Concept Explanation Metrics¶

As described in the Concept Explainers page, concept-based explanations are obtain by applying several steps:

Defining the concept-space, usually through dictionary learning.
Interpreting the direction of the concept space.
Eventually, measuring the importance of each concept in the prediction.

Concept-based metrics evaluate either one of the two first components, or both. To evaluate the importance of a concept, attribution metrics are used.

Each metric takes in different arguments, hence no common API can be defined, apart from the compute method:

from interpreto.concepts.metrics import MetricClass

metric = MetricClass(...)
score = metric.compute(...)

Metric family	Property	Metrics
Dictionary Metrics	Concept-space Stability	Stability
Reconstruction Metrics	Concept-space Faithfulness	MSE FID Custom
Sparsity Metrics	Concept-space Complexity	Sparsity Sparsity Ratio

Evaluating the concept-space¶

The concept space is define by a concept model encoding latent activations into concept activations. Some concept models can also reconstruct the latent activations from the concept activations.
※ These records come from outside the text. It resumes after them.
(* Let $\alpha\in(0,1)$, $p=1$, and $\frac1q=1-\frac\alpha n$. Then for every $f$ with $\|f\|_{W^{\alpha,1}}<\infty$, \[ \|f\|_{GaRo_q}\le n^{(n+\alpha)/2}\|f\|_{W^{\alpha,1}}. \]
   Context: $Q_0=(0,1)^n$; cubes are subcubes of $Q_0$ with sides parallel to the axes. $P$ is the set of countable families $\{Q_i\}_{i\in I}$ of subcubes of $Q_0$ with pairwise disjoint interiors. $\|f\|_{W^{\alpha,1}}=\int_{Q_0}\int_{Q_0}\frac{|f(x)-f(y)|}{|x-y|^{n+\alpha}}\,dx\,dy$. For $1<q<\infty$, $1/q+1/q'=1$, \[ \|f\|_{GaRo_q}=\sup_{\{Q_i\}\in P}\frac{\sum_{i}\frac1{|Q_i|}\int_{Q_i}\int_{Q_i}|f(x)-f(y)|\,dx\,dy}{(\sum_i|Q_i|)^{1/q'}}. \] *)

theory Defs
  imports "HOL-Analysis.Analysis"
begin

definition Q0 :: "(real^'n) set" where
  "Q0 = box 0 One"

text \<open>Subcubes of Q0 with sides parallel to the axes (open cubes; boundaries are null sets).\<close>
definition is_subcube :: "(real^'n) set \<Rightarrow> bool" where
  "is_subcube Q \<longleftrightarrow> (\<exists>a h. h > 0 \<and> Q = box a (a + h *\<^sub>R One) \<and> Q \<subseteq> Q0)"

definition cube_families :: "(real^'n) set set set" where
  "cube_families = {C. countable C \<and> (\<forall>Q\<in>C. is_subcube Q) \<and>
      (\<forall>Q\<in>C. \<forall>Q'\<in>C. Q \<noteq> Q' \<longrightarrow> interior Q \<inter> interior Q' = {})}"

definition W_seminorm :: "real \<Rightarrow> (real^'n \<Rightarrow> real) \<Rightarrow> ennreal" where
  "W_seminorm \<alpha> f = (\<integral>\<^sup>+ x \<in> Q0. (\<integral>\<^sup>+ y \<in> Q0.
       ennreal (\<bar>f x - f y\<bar> / norm (x - y) powr (real CARD('n) + \<alpha>)) \<partial>lebesgue) \<partial>lebesgue)"

definition GaRo_num :: "(real^'n \<Rightarrow> real) \<Rightarrow> (real^'n) set set \<Rightarrow> ennreal" where
  "GaRo_num f C = (\<integral>\<^sup>+ Q. (\<integral>\<^sup>+ x \<in> Q. (\<integral>\<^sup>+ y \<in> Q. ennreal \<bar>f x - f y\<bar> \<partial>lebesgue) \<partial>lebesgue)
                        / emeasure lebesgue Q \<partial>count_space C)"

text \<open>Total measure sum_i |Q_i| (finite, at most 1, for families in P).\<close>
definition family_measure :: "(real^'n) set set \<Rightarrow> real" where
  "family_measure C = enn2real (\<integral>\<^sup>+ Q. emeasure lebesgue Q \<partial>count_space C)"

definition GaRo_norm :: "real \<Rightarrow> (real^'n \<Rightarrow> real) \<Rightarrow> ennreal" where
  "GaRo_norm q f = (SUP C \<in> cube_families.
       GaRo_num f C / ennreal (family_measure C powr (1 - 1 / q)))"

end

theory Submission
  imports Defs
begin

text \<open>On a cube \<open>Q\<close> of side \<open>h\<close> every distance is at most \<open>\<surd>n h\<close>, so inserting the kernel
  \<open>|x - y|^-(n+\<alpha>)\<close> costs a factor \<open>(\<surd>n h)^(n+\<alpha>) = n^((n+\<alpha>)/2) h^n h^\<alpha>\<close>; dividing by
  \<open>|Q| = h^n\<close> leaves \<open>n^((n+\<alpha>)/2) h^\<alpha>\<close> times the Gagliardo energy of \<open>f\<close> on \<open>Q\<close>.
  As \<open>h^n = |Q| \<le> \<Sum>|Q\<^sub>i|\<close>, we have \<open>h^\<alpha> \<le> (\<Sum>|Q\<^sub>i|)^(\<alpha>/n) = (\<Sum>|Q\<^sub>i|)^(1/q')\<close>, and the
  energies of pairwise disjoint cubes add up to at most the energy on \<open>Q0\<close>.\<close>

lemma sigma_finite_lebesgue: "sigma_finite_measure (lebesgue :: 'a::euclidean_space measure)"
proof -
  obtain A :: "'a set set" where "countable A" "A \<subseteq> sets lborel" "\<Union>A = space lborel"
      "\<forall>a\<in>A. emeasure lborel a \<noteq> \<infinity>"
    using lborel.sigma_finite_countable by blast
  then show ?thesis
    by unfold_locales (intro exI[of _ A], auto)
qed

definition oscillation_integral :: "('a::euclidean_space \<Rightarrow> real) \<Rightarrow> 'a set \<Rightarrow> ennreal" where
  "oscillation_integral g Q = (\<integral>\<^sup>+ x \<in> Q. (\<integral>\<^sup>+ y \<in> Q. ennreal \<bar>g x - g y\<bar> \<partial>lebesgue) \<partial>lebesgue)"

definition gagliardo_energy :: "real \<Rightarrow> ('a::euclidean_space \<Rightarrow> real) \<Rightarrow> 'a set \<Rightarrow> ennreal" where
  "gagliardo_energy s g Q = (\<integral>\<^sup>+ x \<in> Q. (\<integral>\<^sup>+ y \<in> Q.
       ennreal (\<bar>g x - g y\<bar> / norm (x - y) powr s) \<partial>lebesgue) \<partial>lebesgue)"

lemma oscillation_integral_cong:
  "(\<And>x. x \<in> Q \<Longrightarrow> g x = g' x) \<Longrightarrow> oscillation_integral g Q = oscillation_integral g' Q"
  unfolding oscillation_integral_def
  by (intro nn_integral_cong) (auto split: split_indicator intro!: nn_integral_cong)

lemma gagliardo_energy_cong:
  "(\<And>x. x \<in> Q \<Longrightarrow> g x = g' x) \<Longrightarrow> gagliardo_energy s g Q = gagliardo_energy s g' Q"
  unfolding gagliardo_energy_def
  by (intro nn_integral_cong) (auto split: split_indicator intro!: nn_integral_cong)

lemma borel_measurable_ident_lebesgue [measurable]:
  "(\<lambda>x. x) \<in> borel_measurable (lebesgue :: 'a::euclidean_space measure)"
  by (rule measurable_completion) simp

lemma borel_measurable_gagliardo_inner:
  fixes g :: "'a::euclidean_space \<Rightarrow> real"
  assumes [measurable]: "g \<in> borel_measurable lebesgue" "A \<in> sets lebesgue"
  shows "(\<lambda>x. \<integral>\<^sup>+ y \<in> A. ennreal (\<bar>g x - g y\<bar> / norm (x - y) powr s) \<partial>lebesgue) \<in> borel_measurable lebesgue"
proof -
  interpret sigma_finite_measure "lebesgue :: 'a measure" by (rule sigma_finite_lebesgue)
  show ?thesis
    by measurable
qed

lemma oscillation_integral_le_diameter_powr:
  fixes g :: "'a::euclidean_space \<Rightarrow> real"
  assumes g: "g \<in> borel_measurable lebesgue" and Q: "Q \<in> sets lebesgue" and s: "0 \<le> s"
    and diam: "\<And>x y. x \<in> Q \<Longrightarrow> y \<in> Q \<Longrightarrow> norm (x - y) \<le> D"
  shows "oscillation_integral g Q \<le> ennreal (D powr s) * gagliardo_energy s g Q"
proof -
  define K where "K x y = \<bar>g x - g y\<bar> / norm (x - y) powr s" for x y
  have pointwise: "ennreal \<bar>g x - g y\<bar> \<le> ennreal (D powr s) * ennreal (K x y)"
    if "x \<in> Q" "y \<in> Q" for x y
  proof (cases "x = y")
    case False
    then have "0 < norm (x - y) powr s" by simp
    moreover have "norm (x - y) powr s \<le> D powr s"
      using False diam[OF that] s by (intro powr_mono2) auto
    ultimately have "\<bar>g x - g y\<bar> \<le> D powr s * K x y"
      unfolding K_def by (simp add: divide_simps) (metis abs_ge_zero mult.commute mult_right_mono)
    then show ?thesis
      by (simp add: K_def ennreal_leI flip: ennreal_mult)
  qed simp
  have "oscillation_integral g Q
      \<le> (\<integral>\<^sup>+ x \<in> Q. (\<integral>\<^sup>+ y \<in> Q. ennreal (D powr s) * ennreal (K x y) \<partial>lebesgue) \<partial>lebesgue)"
    unfolding oscillation_integral_def
    using pointwise by (intro nn_integral_mono) (auto split: split_indicator intro!: nn_integral_mono)
  also have "\<dots> = (\<integral>\<^sup>+ x \<in> Q. ennreal (D powr s) * (\<integral>\<^sup>+ y \<in> Q. ennreal (K x y) \<partial>lebesgue) \<partial>lebesgue)"
    using g Q unfolding K_def by (simp add: nn_integral_cmult mult.assoc)
  also have "\<dots> = ennreal (D powr s) * gagliardo_energy s g Q"
    unfolding gagliardo_energy_def K_def mult.assoc
    by (rule nn_integral_cmult)
      (intro borel_measurable_times_ennreal borel_measurable_gagliardo_inner[OF g Q] borel_measurable_indicator Q)
  finally show ?thesis .
qed

lemma nn_integral_count_space_indicator_disjoint:
  assumes "disjoint C"
  shows "(\<integral>\<^sup>+ Q. indicator Q x \<partial>count_space C) = (indicator (\<Union>C) x :: ennreal)"
proof (cases "x \<in> \<Union>C")
  case True
  then obtain P where P: "x \<in> P" "P \<in> C" by auto
  with assms have "indicator Q x = (indicator {P} Q :: ennreal)" if "Q \<in> C" for Q
    using that by (auto simp: pairwise_def disjnt_def split: split_indicator)
  with True P show ?thesis
    by (simp cong: nn_integral_cong_simp)
qed (auto simp: nn_integral_0_iff_AE)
Several properties of the concept-space are desirable:

The concept-space should be faithful to the latent space data distribution.
The concept-space should have a low complexity to push toward interpretability.
The concept-space is stable across different training regimes.

Concept-space faithfulness¶

Concept-space faithfulness is often measured via the reconstruction error of the latent activations when projected back and forth in the concept space. Either in the latent space or in the logits space. The distance used to compare activations has a big impact on what is measured.

In interpreto you can use the ReconstructionError to define a custom metric by specifying a reconstruction_space and a distance_function. Or you can use the MSE or FID metrics.

Concept-space complexity¶

The concept-space complexity is often measured via the sparsity of its activations.

In interpreto you can use: Sparsity and SparsityRatio.

Concept-space stability¶

The concept-space should stay the same across different training regimes. i.e. with different seeds, different data splits...

In interpreto you can use: Stability to compare concept-model dictionaries.